The clerks attached to the firm of Pilkins and Popinjay arranged that three of them would lunch together every day at a particular table

so long as they could avoid the same three men sitting down twice together.

The same number of clerks of Messrs. Radson, Robson, and Ross decided to do precisely the same, only with four men at a time instead of three.

On working it out they found that Radson's staff could keep it up exactly three times as many days as their neighbours.

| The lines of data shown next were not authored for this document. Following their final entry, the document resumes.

(* If $\mathcal{Q}\subseteq 2^E$ ($E$ finite) is weakly Rayleigh, then all maximal elements of $\mathcal{Q}$ (under inclusion) have the same cardinality $r$, and all minimal elements of $\mathcal{Q}$ have the same cardinality $s$.
   Context: For $\omega:2^E\to[0,\infty)$ not identically zero, $Z(\omega;\mathbf{y})=\sum_S\omega(S)\prod_{e\in S}y_e$; with subscripts denoting partial derivatives, $Z$ is Rayleigh if $Z_eZ_f-Z_{ef}Z\ge0$ for all distinct $e,f$ and all positive $\mathbf{y}$. $\mathcal{Q}$ is weakly Rayleigh if some $\omega\ge0$ with $\{S:\omega(S)>0\}=\mathcal{Q}$ has $Z(\omega;\mathbf{y})$ Rayleigh. *)

theory Defs
  imports Main "HOL-Analysis.Analysis"
begin

definition genpoly :: "'a set \<Rightarrow> ('a set \<Rightarrow> real) \<Rightarrow> ('a \<Rightarrow> real) \<Rightarrow> real" where
  "genpoly E \<omega> y = (\<Sum>S\<in>Pow E. \<omega> S * (\<Prod>e\<in>S. y e))"

text \<open>Partial derivative with respect to y_e of the multiaffine polynomial genpoly E \<omega>.\<close>
definition genpoly_d1 :: "'a set \<Rightarrow> ('a set \<Rightarrow> real) \<Rightarrow> 'a \<Rightarrow> ('a \<Rightarrow> real) \<Rightarrow> real" where
  "genpoly_d1 E \<omega> e y = (\<Sum>S\<in>{S\<in>Pow E. e \<in> S}. \<omega> S * (\<Prod>g\<in>S - {e}. y g))"

text \<open>Mixed second partial derivative with respect to y_e and y_f (e \<noteq> f).\<close>
definition genpoly_d2 :: "'a set \<Rightarrow> ('a set \<Rightarrow> real) \<Rightarrow> 'a \<Rightarrow> 'a \<Rightarrow> ('a \<Rightarrow> real) \<Rightarrow> real" where
  "genpoly_d2 E \<omega> e f y = (\<Sum>S\<in>{S\<in>Pow E. e \<in> S \<and> f \<in> S}. \<omega> S * (\<Prod>g\<in>S - {e, f}. y g))"
lemma outer_iteration_stabilizes:
  assumes run: "\<And>L. outer_run_upto x N K Nmin Nmax M \<beta> \<epsilon> lam L Z C XP XM" and "lam \<ge> 0"
  shows "\<exists>l\<ge>1. outer_obj x N K lam Z C XP XM (Suc l) = outer_obj x N K lam Z C XP XM l"
proof -
  define g where "g l = ra_obj x N K lam (Z l) (C l) (XP l) (XM l)" for l
  have feasible: "feasible_assign N K Nmin Nmax (Z l)" and centres: "C l = centroids x N (Z l)"
    and hp: "hp_step x N K M \<beta> \<epsilon> (Z l) (XP l) (XM l)" if "1 \<le> l" for l
    using outer_run_upto_assign[OF run that order_refl] outer_run_upto_iteration(2)[OF run that order_refl]
    by simp_all
  have upper: "outer_obj x N K lam Z C XP XM (Suc l) \<le> g l" if "1 \<le> l" for l
    unfolding g_def using outer_obj_Suc_le_ra_obj[OF run[of "Suc l"] that] by simp
  have lower: "g l \<le> outer_obj x N K lam Z C XP XM l" if "2 \<le> l" for l
    unfolding g_def using ra_obj_le_outer_obj[OF run[of l] \<open>lam \<ge> 0\<close> that] by simp
  have finite: "finite (g ` {2..})"
  proof (rule finite_image_if_factors)
    show "finite ((\<lambda>l. assign_support N K (Z l)) ` {2..})"
      using finite_image_assign_support[of N K "Z ` {2..}"] by (simp add: image_image)
    show "g a = g b" if "a \<in> {2..}" "b \<in> {2..}"
      and "assign_support N K (Z a) = assign_support N K (Z b)" for a b
    proof -
      have a: "1 \<le> a" and b: "1 \<le> b"
        using that(1,2) by simp_all
      show ?thesis
        unfolding g_def centres[OF a] centres[OF b]
        by (rule ra_obj_hp_step_eq_if_support_eq[OF feasible[OF a] feasible[OF b] that(3) hp[OF a] hp[OF b]])
    qed
  qed
  have antimono: "g (Suc l) \<le> g l" if "2 \<le> l" for l
    using lower[of "Suc l"] upper[of l] that by simp
  from finite antimono have "\<exists>m\<ge>2. \<forall>k\<ge>m. g k = g m"
    by (rule antimono_finite_image_eventually_const)
  then obtain m where "m \<ge> 2" and const: "\<forall>k\<ge>m. g k = g m"
    by blast
  have "g (Suc m) = g m" "g (Suc (Suc m)) = g m"
    using const[rule_format, of "Suc m"] const[rule_format, of "Suc (Suc m)"] by simp_all
  moreover have "g (Suc m) \<le> outer_obj x N K lam Z C XP XM (Suc m)"
    "outer_obj x N K lam Z C XP XM (Suc m) \<le> g m"
    "g (Suc (Suc m)) \<le> outer_obj x N K lam Z C XP XM (Suc (Suc m))"
    "outer_obj x N K lam Z C XP XM (Suc (Suc m)) \<le> g (Suc m)"
    using lower upper \<open>m \<ge> 2\<close> by simp_all
  ultimately have "outer_obj x N K lam Z C XP XM (Suc (Suc m)) = outer_obj x N K lam Z C XP XM (Suc m)"
    by linarith
  then show ?thesis
    by (intro exI[of _ "Suc m"]) simp
qed
(* Let $G$ and $T$ be graphs of order $n$, where $T$ is a tree. If $3\Delta(G)+\ell(T)-2<n$, then $G$ and $T$ pack.
   Context: All graphs are finite and simple; $\Delta(G)$ is the maximum degree of $G$ and $\ell(T)$ is the number of leaves (vertices of degree $1$) of $T$. For graphs $G$ and $H$ with $|V(G)|\ge |V(H)|$, we say $G$ and $H$ pack if there is an injective function $f:V(H)\to V(G)$ such that for every edge $xy\in E(H)$, $f(x)f(y)\notin E(G)$. *)

theory Defs
  imports Main
begin

definition sgraph :: "'a set \<Rightarrow> 'a set set \<Rightarrow> bool" where
  "sgraph V E \<longleftrightarrow> finite V \<and> (\<forall>e\<in>E. \<exists>x y. x \<noteq> y \<and> x \<in> V \<and> y \<in> V \<and> e = {x, y})"

definition adj :: "'a set set \<Rightarrow> 'a \<Rightarrow> 'a \<Rightarrow> bool" where
  "adj E u v \<longleftrightarrow> {u, v} \<in> E"

definition degree :: "'a set \<Rightarrow> 'a set set \<Rightarrow> 'a \<Rightarrow> nat" where
  "degree V E v = card {u \<in> V. adj E u v}"

definition max_degree :: "'a set \<Rightarrow> 'a set set \<Rightarrow> nat" where
  "max_degree V E = Max (insert 0 (degree V E ` V))"

definition num_leaves :: "'a set \<Rightarrow> 'a set set \<Rightarrow> nat" where
  "num_leaves V E = card {v \<in> V. degree V E v = 1}"

definition connected_graph :: "'a set \<Rightarrow> 'a set set \<Rightarrow> bool" where
  "connected_graph V E \<longleftrightarrow> (\<forall>u\<in>V. \<forall>v\<in>V. (adj E)\<^sup>*\<^sup>* u v)"

definition is_cycle :: "'a set \<Rightarrow> 'a set set \<Rightarrow> 'a list \<Rightarrow> bool" where
  "is_cycle V E cs \<longleftrightarrow> length cs \<ge> 3 \<and> distinct cs \<and> set cs \<subseteq> V \<and>
     (\<forall>i. Suc i < length cs \<longrightarrow> adj E (cs ! i) (cs ! Suc i)) \<and>
     adj E (last cs) (hd cs)"

definition acyclic_graph :: "'a set \<Rightarrow> 'a set set \<Rightarrow> bool" where
  "acyclic_graph V E \<longleftrightarrow> \<not> (\<exists>cs. is_cycle V E cs)"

What is the least number of men there could have been in each staff?

Solution

There are $15$ members of staff at each firm.

Proof

Let $n$ be the number of staff at both Pilkins and Popinjay and Radson, Robson, and Ross.

The number of ways to seat $3$ people together out of $n$ is the binomial coefficient $\dbinom n 3 = \dfrac {n \paren {n - 1} \paren {n - 2} } {3 \times 2 \times 1}$.

The number of ways to seat $4$ people together out of $r$ is the binomial coefficient $\dbinom n 4 = \dfrac {n \paren {n - 1} \paren {n - 2} \paren {n - 3} } {4 \times 3 \times 2 \times 1}$.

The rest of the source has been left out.